The comparison shots in white are really useful.

I've seen a few mk3s now and although I was underwhelmed by a base model with small wheels in silver with a high ride height, I can imagine that with the right colour a TTs with 20" wheels and privacy glass could look very mean indeed.

I've owned both mk1 and mk2 models and will hopefully own the mk3 one day.

They are all as good as each other in their own ways.


----------



## ZephyR2 (Feb 20, 2013)

I go past an Audi dealer each morning and they've got a Mk3 on the podium at the front of the forecourt.

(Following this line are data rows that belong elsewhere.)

(* Fix parameters $D_0>0$, $\alpha>0$, $p^a\ge 0$ and a weight $\gamma\in(0,1)$. For prices $p^s,p^c,p^d\in\mathbb{R}$ let $d(p^s,p^c)=\max\{D_0-\alpha(p^s+p^c),0\}$, $U_{ISP}=d(p^s,p^c)\,(p^s+p^d)$ and $U_{CP}=d(p^s,p^c)\,(p^c+p^a-p^d)$. In the ex ante regulation game, the following holds. (a) For every $p^d\in\mathbb{R}$, the simultaneous pricing game (ISP chooses $p^s$, CP chooses $p^c$) has exactly one pure-strategy Nash equilibrium with strictly positive demand, namely $$p^s=\frac{D_0+\alpha p^a}{3\alpha}-p^d,\qquad p^c=\frac{D_0-2\alpha p^a}{3\alpha}+p^d .$$ At this equilibrium: - the net internaut price is $p^s+p^c=\frac{2D_0-\alpha p^a}{3\alpha}$, independent of $p^d$; - the demand is $\frac{D_0+\alpha p^a}{3}>0$; - $U_{ISP}=U_{CP}=\frac{(D_0+\alpha p^a)^2}{9\alpha}$. Consequently $U_{ISP}^{\gamma}U_{CP}^{1-\gamma}$ at this equilibrium does not depend on $p^d$, so every $p^d\in\mathbb{R}$ is an optimal choice of the regulator. The equilibrium is therefore unique up to a free choice of $p^d$, and a payment $p^d$ lowers $p^s$ and raises $p^c$ by exactly $p^d$. (b) For each fixed $p^d$, a profile $(p^s,p^c)$ is a pure-strategy Nash equilibrium of the pricing game with zero demand if and only if $$p^s\ge D_0/\alpha+p^a-p^d\quad\text{and}\quad p^c\ge D_0/\alpha+p^d.$$
   Context: Single ISP, single content provider (CP) model. - $p^s$ is the price per unit demand paid by internauts to the ISP, and $p^c$ the price per unit demand paid by internauts to the CP. Either may be negative. - $p^d$ is the payment per unit demand from the CP to the ISP, and may be negative. - $p^a\ge0$ is the advertising revenue per unit demand earned by the CP. Ex ante regulation game: 1. A regulator first sets $p^d$. 2. Then the ISP and the CP simultaneously choose $p^s$ and $p^c$, with payoffs $U_{ISP}$ and $U_{CP}$. 3. Internauts generate demand $d(p^s,p^c)$. The regulator chooses $p^d$ to maximize $U_{ISP}^{\gamma}\times U_{CP}^{1-\gamma}$, where $U_{ISP}$ and $U_{CP}$ are evaluated at the pure-strategy Nash equilibrium of the pricing game induced by that $p^d$. *)

theory Defs
  imports Complex_Main
begin

definition demand :: "real \<Rightarrow> real \<Rightarrow> real \<Rightarrow> real \<Rightarrow> real" where
  "demand D0 \<alpha> ps pc = max (D0 - \<alpha> * (ps + pc)) 0"

definition U_ISP :: "real \<Rightarrow> real \<Rightarrow> real \<Rightarrow> real \<Rightarrow> real \<Rightarrow> real" where
  "U_ISP D0 \<alpha> pd ps pc = demand D0 \<alpha> ps pc * (ps + pd)"

definition U_CP :: "real \<Rightarrow> real \<Rightarrow> real \<Rightarrow> real \<Rightarrow> real \<Rightarrow> real \<Rightarrow> real" where
  "U_CP D0 \<alpha> pa pd ps pc = demand D0 \<alpha> ps pc * (pc + pa - pd)"

definition is_NE :: "real \<Rightarrow> real \<Rightarrow> real \<Rightarrow> real \<Rightarrow> real \<Rightarrow> real \<Rightarrow> bool" where
  "is_NE D0 \<alpha> pa pd ps pc \<longleftrightarrow>
     (\<forall>ps'. U_ISP D0 \<alpha> pd ps' pc \<le> U_ISP D0 \<alpha> pd ps pc) \<and>
     (\<forall>pc'. U_CP D0 \<alpha> pa pd ps pc' \<le> U_CP D0 \<alpha> pa pd ps pc)"

definition reg_obj :: "real \<Rightarrow> real \<Rightarrow> real \<Rightarrow> real \<Rightarrow> real \<Rightarrow> real" where
  "reg_obj D0 \<alpha> pa \<gamma> pd =
     (let (ps, pc) = (THE (ps, pc). is_NE D0 \<alpha> pa pd ps pc \<and> demand D0 \<alpha> ps pc > 0)
      in U_ISP D0 \<alpha> pd ps pc powr \<gamma> * U_CP D0 \<alpha> pa pd ps pc powr (1 - \<gamma>))"

end

theory Submission
  imports Defs
begin

text \<open>Each firm's payoff has the form \<open>max (B - \<alpha> z) 0 * z\<close> in its own margin \<open>z\<close>
  (\<open>ps + pd\<close> for the ISP, \<open>pc + pa - pd\<close> for the CP), where the intercept \<open>B\<close> is what the
  other firm's price leaves of \<open>D0\<close>. Such a truncated linear revenue has supremum
  \<open>(max B 0)\<^sup>2 / (4 \<alpha>)\<close>; it is attained with positive demand exactly at \<open>z = B / (2 \<alpha>)\<close>, and
  otherwise only if \<open>B \<le> 0\<close>. A positive-demand equilibrium therefore solves a linear system
  in which \<open>pd\<close> only translates \<open>ps\<close> and \<open>pc\<close> in opposite directions, leaving both margins,
  the demand and both payoffs unchanged; so the regulator's objective does not depend on \<open>pd\<close>.\<close>

lemma truncated_revenue_le:
  fixes \<alpha> B z :: real
  assumes "\<alpha> > 0"
  shows "max (B - \<alpha> * z) 0 * z \<le> (max B 0)\<^sup>2 / (4 * \<alpha>)"
proof -
  consider "B - \<alpha> * z \<le> 0" | "B - \<alpha> * z > 0" "z \<le> 0" | "B - \<alpha> * z > 0" "z > 0"
    by linarith
  then show ?thesis
  proof cases
    case 1
    then show ?thesis
      using assms by simp
  next
    case 2
    then have "max (B - \<alpha> * z) 0 * z \<le> 0"
      by (simp add: mult_nonneg_nonpos)
    also have "0 \<le> (max B 0)\<^sup>2 / (4 * \<alpha>)"
      using assms by simp
    finally show ?thesis .
  next
    case 3
    moreover have "\<alpha> * z > 0"
      using 3 assms by simp
    ultimately have "B > 0"
      by linarith
    have "4 * \<alpha> * ((B - \<alpha> * z) * z) = B\<^sup>2 - (B - 2 * \<alpha> * z)\<^sup>2"
      by (simp add: power2_eq_square algebra_simps)
    also have "\<dots> \<le> (max B 0)\<^sup>2"
      using \<open>B > 0\<close> by simp
    finally show ?thesis
      using 3 assms by (simp add: le_divide_eq mult.commute)
  qed
qed

lemma truncated_revenue_peak:
  fixes \<alpha> B :: real
  assumes "\<alpha> > 0"
  defines "z \<equiv> max B 0 / (2 * \<alpha>)"
  shows "max (B - \<alpha> * z) 0 * z = (max B 0)\<^sup>2 / (4 * \<alpha>)"
  using assms by (cases "B > 0") (simp_all add: power2_eq_square field_simps)

lemma truncated_revenue_maximizer_iff:
  fixes \<alpha> B z :: real
  assumes "\<alpha> > 0"
  shows "(\<forall>y. max (B - \<alpha> * y) 0 * y \<le> max (B - \<alpha> * z) 0 * z) \<longleftrightarrow>
         (if B - \<alpha> * z > 0 then B = 2 * \<alpha> * z else B \<le> 0)"
proof -
  have "(\<forall>y. max (B - \<alpha> * y) 0 * y \<le> max (B - \<alpha> * z) 0 * z) \<longleftrightarrow>
        max (B - \<alpha> * z) 0 * z = (max B 0)\<^sup>2 / (4 * \<alpha>)"
    using truncated_revenue_le[OF assms] truncated_revenue_peak[OF assms]
    by (metis order_antisym)
  also have "\<dots> \<longleftrightarrow> (if B - \<alpha> * z > 0 then B = 2 * \<alpha> * z else B \<le> 0)"
  proof (cases "B - \<alpha> * z > 0")
    case True
    have "(B - \<alpha> * z) * z = (max B 0)\<^sup>2 / (4 * \<alpha>) \<longleftrightarrow> B = 2 * \<alpha> * z"
    proof
      assume peak: "(B - \<alpha> * z) * z = (max B 0)\<^sup>2 / (4 * \<alpha>)"
      have "B > 0"
      proof (rule ccontr)
        assume "\<not> B > 0"
        then have "\<alpha> * z < 0" and "max B 0 = 0"
          using True by auto
        then have "z < 0"
          using assms by (simp add: mult_less_0_iff)
        then show False
          using peak True \<open>max B 0 = 0\<close> by (simp add: mult_pos_neg)
      qed
      have "4 * \<alpha> * ((B - \<alpha> * z) * z) = B\<^sup>2 - (B - 2 * \<alpha> * z)\<^sup>2"
        by (simp add: power2_eq_square algebra_simps)
      then have "(B - 2 * \<alpha> * z)\<^sup>2 = 0"
        using peak \<open>B > 0\<close> assms by simp
      then show "B = 2 * \<alpha> * z"
        by simp
    next
      assume "B = 2 * \<alpha> * z"
      moreover have "B > 0"
        using True calculation assms by (simp add: zero_less_mult_iff)
      ultimately show "(B - \<alpha> * z) * z = (max B 0)\<^sup>2 / (4 * \<alpha>)"
        using assms by (simp add: power2_eq_square field_simps)
    qed
    with True show ?thesis
      by simp
  next
    case False
    then show ?thesis
      using assms by (simp add: max_def)
  qed
  finally show ?thesis .
qed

It just doesn't look that different to my Mk2 - I'm sure that if I bought a Mk3 in the same colour most of my friends and neighbours wouldn't know I'd changed cars.

Sent from AutoGuide.com Free App


----------



## SpudZ (Jul 15, 2012)

ZephyR2 said:


> I'm sure that if I bought a Mk3 in the same colour most of my friends and neighbours wouldn't know I'd changed cars.
> 
> Sent from AutoGuide.com Free App


Is that why you buy a new car....?! I personally buy one because I like the look & driving pleasure it gives.

Each to their own i guess


----------



## ZephyR2 (Feb 20, 2013)

SpudZ said:


> ZephyR2 said:
> 
> 
> > I'm sure that if I bought a Mk3 in the same colour most of my friends and neighbours wouldn't know I'd changed cars.
> ...


No that's not why I buy a new car. I mention it just as a way of gauging how similar the Mk3 is to the Mk2.


----------



## MrsTT (Nov 8, 2014)

For a really good video from Audi showing the progression/changes of MKI to MKIII TT I installed the Audi magazine app on my Android phone, within this is a really neat video showing the TT transitions; I cant find this anywhere else on line (You Tube etc) and cant figure out where its storing the file on my device. Its worth a download and watch if interested - link as below, Palystore search should give the same.

https://play.google.com/store/apps/details?id=de.audi.audimagazine&hl=en_GB


----------



## 90TJM (Sep 30, 2013)

Saw an Ibis Sport today and the front does look like a new car and its growing on me,I could be tempted,but need a good deal!


----------



## Mr R (Mar 1, 2015)

All the Sport models I've seen on the road have the 18" wheels, but I reckon with 19"s the Sport looks great, especially the front.


----------



## sherry13 (Oct 8, 2013)

90TJM said:


> Saw an Ibis Sport today and the front does look like a new car and its growing on me,I could be tempted,but need a good deal!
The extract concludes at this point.